The used capital goods imported in India must carry the Chartered Engineer certificate from who are authorised by the DGFT India, this certificate can be issued by such authorised C.E.’s on preload inspection basis at load port or after arrival of shipment at destination.
The inspection report helps to understand the conditions and current market valuation of such imported capital goods to depreciate for assessment and collection of the custom duty by Custom Authorities.
How to Calculate the Current market Value: –
The current market value of used capital goods depends on the below points.
i. Year of manufacturing, make and model no.
ii. Cost in the year and at the time of manufacturing for new machines.
iii. Any reconditioning/repairing/reprocessing of goods, present working conditions
iv. Remaining life of goods on the basis of its present condition.

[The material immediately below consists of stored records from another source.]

section \<open>Derivatives along lines\<close>

lemma vector_derivative_along_line:
  assumes "(g has_derivative D) (at (p + s *\<^sub>R v))"
  shows "vector_derivative (\<lambda>s. g (p + s *\<^sub>R v)) (at s) = D v"
proof -
  have "((\<lambda>s. p + s *\<^sub>R v) has_derivative (\<lambda>h. h *\<^sub>R v)) (at s)"
    by (auto intro!: derivative_eq_intros)
  from has_derivative_compose[OF this assms]
  have "((\<lambda>s. g (p + s *\<^sub>R v)) has_derivative (\<lambda>h. D (h *\<^sub>R v))) (at s)" .
  moreover have "linear D" by (rule has_derivative_linear[OF assms])
  ultimately have "((\<lambda>s. g (p + s *\<^sub>R v)) has_derivative (\<lambda>h. h *\<^sub>R D v)) (at s)"
    by (simp add: linear_scale)
  then show ?thesis
    by (simp add: has_vector_derivative_def vector_derivative_at)
qed

lemma blinfun_along_segment_le:
  fixes D :: "'a::real_normed_vector \<Rightarrow> 'a \<Rightarrow>\<^sub>L 'b::real_normed_vector"
  assumes seg: "\<And>s. s \<in> {0..h} \<Longrightarrow> p + s *\<^sub>R v \<in> U"
    and DD: "\<And>z. z \<in> U \<Longrightarrow> (D has_derivative blinfun_apply (DD z)) (at z)"
    and M: "\<And>s. s \<in> {0..h} \<Longrightarrow> norm (DD (p + s *\<^sub>R v)) \<le> M"
    and s: "s \<in> {0..h}"
  shows "norm (D (p + s *\<^sub>R v) v - D p v) \<le> M * (norm v)\<^sup>2 * s"
proof -
  define D' where "D' r k = DD (p + r *\<^sub>R v) (k *\<^sub>R v) v" for r k
  have "((\<lambda>r. D (p + r *\<^sub>R v) v) has_derivative D' r) (at r within {0..h})"
    if r: "r \<in> {0..h}" for r
  proof -
    have "((\<lambda>r. p + r *\<^sub>R v) has_derivative (\<lambda>k. k *\<^sub>R v)) (at r within {0..h})"
      by (auto intro!: derivative_eq_intros)
    from has_derivative_compose[OF this DD[OF seg[OF r]]]
    show ?thesis
      unfolding D'_def by (rule blinfun.FDERIV[OF _ has_derivative_const, simplified])
  qed
  moreover have "onorm (D' r) \<le> M * (norm v)\<^sup>2" if r: "r \<in> {0..h}" for r
  proof (rule onorm_le)
    fix k :: real
    have "norm (D' r k) \<le> norm (DD (p + r *\<^sub>R v)) * norm (k *\<^sub>R v) * norm v"
      unfolding D'_def by (meson norm_blinfun mult_right_mono norm_ge_zero order_trans)
    also have "\<dots> \<le> M * norm (k *\<^sub>R v) * norm v"
      using M[OF r] by (intro mult_right_mono) auto
    finally show "norm (D' r k) \<le> M * (norm v)\<^sup>2 * norm k"
      by (simp add: power2_eq_square mult_ac)
  qed
  ultimately have "norm (D (p + s *\<^sub>R v) v - D (p + 0 *\<^sub>R v) v) \<le> M * (norm v)\<^sup>2 * norm (s - 0)"
    using s by (intro differentiable_bound[of "{0..h}"]) auto
  then show ?thesis using s by simp
qed

lemma taylor_second_order_le:
  fixes f :: "'a::real_normed_vector \<Rightarrow> 'b::real_normed_vector"
  assumes seg: "\<And>s. s \<in> {0..h} \<Longrightarrow> p + s *\<^sub>R v \<in> U"
    and D: "\<And>z. z \<in> U \<Longrightarrow> (f has_derivative blinfun_apply (D z)) (at z)"
    and DD: "\<And>z. z \<in> U \<Longrightarrow> (D has_derivative blinfun_apply (DD z)) (at z)"
    and M: "\<And>s. s \<in> {0..h} \<Longrightarrow> norm (DD (p + s *\<^sub>R v)) \<le> M"
    and h: "0 \<le> h"
  shows "norm (f (p + h *\<^sub>R v) - f p - h *\<^sub>R D p v) \<le> M * (norm v)\<^sup>2 * h\<^sup>2"
proof -
  define \<psi> where "\<psi> s = f (p + s *\<^sub>R v) - s *\<^sub>R D p v" for s
  have "(\<psi> has_derivative (\<lambda>k. k *\<^sub>R (D (p + s *\<^sub>R v) v - D p v))) (at s within {0..h})"
    if s: "s \<in> {0..h}" for s
  proof -
    have "((\<lambda>s. p + s *\<^sub>R v) has_derivative (\<lambda>k. k *\<^sub>R v)) (at s within {0..h})"
      by (auto intro!: derivative_eq_intros)
    from has_derivative_compose[OF this D[OF seg[OF s]]]
    have "(\<psi> has_derivative (\<lambda>k. D (p + s *\<^sub>R v) (k *\<^sub>R v) - k *\<^sub>R D p v)) (at s within {0..h})"
      unfolding \<psi>_def by (auto intro!: derivative_eq_intros)
    then show ?thesis
      by (simp add: blinfun.scaleR_right scaleR_diff_right)
  qed
  moreover have "onorm (\<lambda>k. k *\<^sub>R (D (p + s *\<^sub>R v) v - D p v)) \<le> M * (norm v)\<^sup>2 * h"
    if s: "s \<in> {0..h}" for s
  proof (rule onorm_le)
    have "0 \<le> M" using M[of 0] h by (auto intro: order_trans[OF norm_ge_zero])
    then have "M * (norm v)\<^sup>2 * s \<le> M * (norm v)\<^sup>2 * h"
      using s by (intro mult_left_mono) auto
    then have "norm (D (p + s *\<^sub>R v) v - D p v) \<le> M * (norm v)\<^sup>2 * h"
      using blinfun_along_segment_le[OF seg DD M s] by linarith
    then show "norm (k *\<^sub>R (D (p + s *\<^sub>R v) v - D p v)) \<le> M * (norm v)\<^sup>2 * h * norm k" for k
      by (simp add: mult_left_mono mult.commute)
  qed
  ultimately have "norm (\<psi> h - \<psi> 0) \<le> M * (norm v)\<^sup>2 * h * norm (h - 0)"
    using h by (intro differentiable_bound[of "{0..h}"]) auto
  then show ?thesis
    using h by (simp add: \<psi>_def power2_eq_square algebra_simps)
qed

lemma grad_u_eq_matrix:
  assumes "(case_prod u has_derivative blinfun_apply D) (at (x, t))"
  shows "grad_u u x t = matrix (\<lambda>h. D (h, 0))"
proof -
  have "vector_derivative (\<lambda>s. u (x + s *\<^sub>R axis j 1) t $ i) (at 0) = D (axis j 1, 0) $ i" for i j
  proof -
    have "((\<lambda>z. case_prod u z $ i) has_derivative (\<lambda>h. D h $ i)) (at ((x, t) + 0 *\<^sub>R (axis j 1, 0)))"
      using bounded_linear.has_derivative[OF bounded_linear_vec_nth assms] by simp
    from vector_derivative_along_line[OF this] show ?thesis by simp
  qed
  then show ?thesis by (simp add: grad_u_def matrix_def)
qed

What is depreciation and how to calculate it: –
The depreciation is the process of decreasing or calculation the value of used capital goods compare to its new model cost and its life of manufacturing.

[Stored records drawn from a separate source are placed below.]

(* Let $G$ be a countable vertex set with fixed vertex $o$, and let $c,b$ be conductance functions on $G$ with $b_{xy}\le c_{xy}$ for all $x,y$, such that $(G,c)$ and $(G,b)$ are connected locally finite networks. Let $\Delta_b^{(c)}$ denote the adjoint of $\Delta_b$ with respect to the inner product of $\mathcal H_{\mathcal E_c}$, i.e. $\langle \Delta_b^{(c)}w,u\rangle_{\mathcal E_c}=\langle w,\Delta_b u\rangle_{\mathcal E_c}$. Then $\mathrm{span}\{v_x^{(c)}\}_{x\in G}\subseteq\mathrm{dom}\,\Delta_b^{(c)}$ and $\Delta_b^{(c)}v_x^{(c)}=\mathcal I^*(\delta_x-\delta_o)$ for every $x\in G$, where $\mathcal I^*:\mathcal H_{\mathcal E_b}\to\mathcal H_{\mathcal E_c}$ is the adjoint of the inclusion $\mathcal I:\mathcal H_{\mathcal E_c}\to\mathcal H_{\mathcal E_b}$.
   Context: A conductance function on a countable set $G$ is a symmetric map $c:G\times G\to[0,\infty)$ with $c_{xx}=0$; $x\sim y$ iff $c_{xy}>0$; locally finite and connected. $\mathcal E_c(u,v)=\frac12\sum_{x,y}c_{xy}\overline{(u(x)-u(y))}(v(x)-v(y))$; $\mathcal H_{\mathcal E_c}$ is the Hilbert space of finite-energy functions modulo constants with inner product $\mathcal E_c$. $v_x^{(c)}$ is the unique element of $\mathcal H_{\mathcal E_c}$ with $\langle v_x^{(c)},u\rangle_{\mathcal E_c}=u(x)-u(o)$ for all $u$. The Laplacian is $(\Delta_b v)(x)=\sum_{y}b_{xy}(v(x)-v(y))$. $\delta_x$ is the indicator function of $\{x\}$, viewed in $\mathcal H_{\mathcal E_b}$. Same notation for $b$. *)

theory Defs
  imports "HOL-Analysis.Analysis"
begin

definition conductance :: "('a \<Rightarrow> 'a \<Rightarrow> real) \<Rightarrow> bool" where
  "conductance c \<longleftrightarrow> (\<forall>x y. c x y = c y x) \<and> (\<forall>x y. 0 \<le> c x y) \<and> (\<forall>x. c x x = 0)"

definition locally_finite :: "('a \<Rightarrow> 'a \<Rightarrow> real) \<Rightarrow> bool" where
  "locally_finite c \<longleftrightarrow> (\<forall>x. finite {y. 0 < c x y})"

definition net_connected :: "('a \<Rightarrow> 'a \<Rightarrow> real) \<Rightarrow> bool" where
  "net_connected c \<longleftrightarrow> (\<forall>x y. (x, y) \<in> {(p, q). 0 < c p q}\<^sup>*)"

text \<open>Finite energy functions (elements of H_E are these modulo constants).\<close>

definition finite_energy :: "('a \<Rightarrow> 'a \<Rightarrow> real) \<Rightarrow> ('a \<Rightarrow> complex) \<Rightarrow> bool" where
  "finite_energy c u \<longleftrightarrow>
     (\<lambda>(x, y). c x y * (cmod (u x - u y))\<^sup>2) summable_on (UNIV :: ('a \<times> 'a) set)"

definition energy :: "('a \<Rightarrow> 'a \<Rightarrow> real) \<Rightarrow> ('a \<Rightarrow> complex) \<Rightarrow> ('a \<Rightarrow> complex) \<Rightarrow> complex" where
  "energy c u v = (1/2) * (\<Sum>\<^sub>\<infinity>(x, y)\<in>(UNIV :: ('a \<times> 'a) set).
       complex_of_real (c x y) * (cnj (u x - u y) * (v x - v y)))"

text \<open>The reproducing kernel v_x (normalised representative with value 0 at o0).\<close>

definition reprod :: "('a \<Rightarrow> 'a \<Rightarrow> real) \<Rightarrow> 'a \<Rightarrow> 'a \<Rightarrow> ('a \<Rightarrow> complex)" where
  "reprod c o0 x = (THE v. finite_energy c v \<and> v o0 = 0 \<and>
      (\<forall>u. finite_energy c u \<longrightarrow> energy c v u = u x - u o0))"

definition laplacian :: "('a \<Rightarrow> 'a \<Rightarrow> real) \<Rightarrow> ('a \<Rightarrow> complex) \<Rightarrow> ('a \<Rightarrow> complex)" where
  "laplacian b v = (\<lambda>x. \<Sum>y\<in>{y. 0 < b x y}. complex_of_real (b x y) * (v x - v y))"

The government of India has defined the below method to calculate and depreciate the cost of used capital goods/machinery.
For 1st year from manufacturing date 4% per quarter of new product cost (total 16%)
For 2nd year from manufacturing date 3% per quarter of new product cost (total 12%)
For 3rd year from manufacturing date 2.5% per quarter of new product cost (total 10%)
For 4th year from manufacturing date to onwards 2% per quarter of new product cost (total 8%)
Please be noted that the such depreciations are allowed only at the maximum of 70% of new machine/goods cost. The cost calculated in such method are FOB cost of imported used capital goods and any sea/air freight and insurance will be additional for assessment by custom.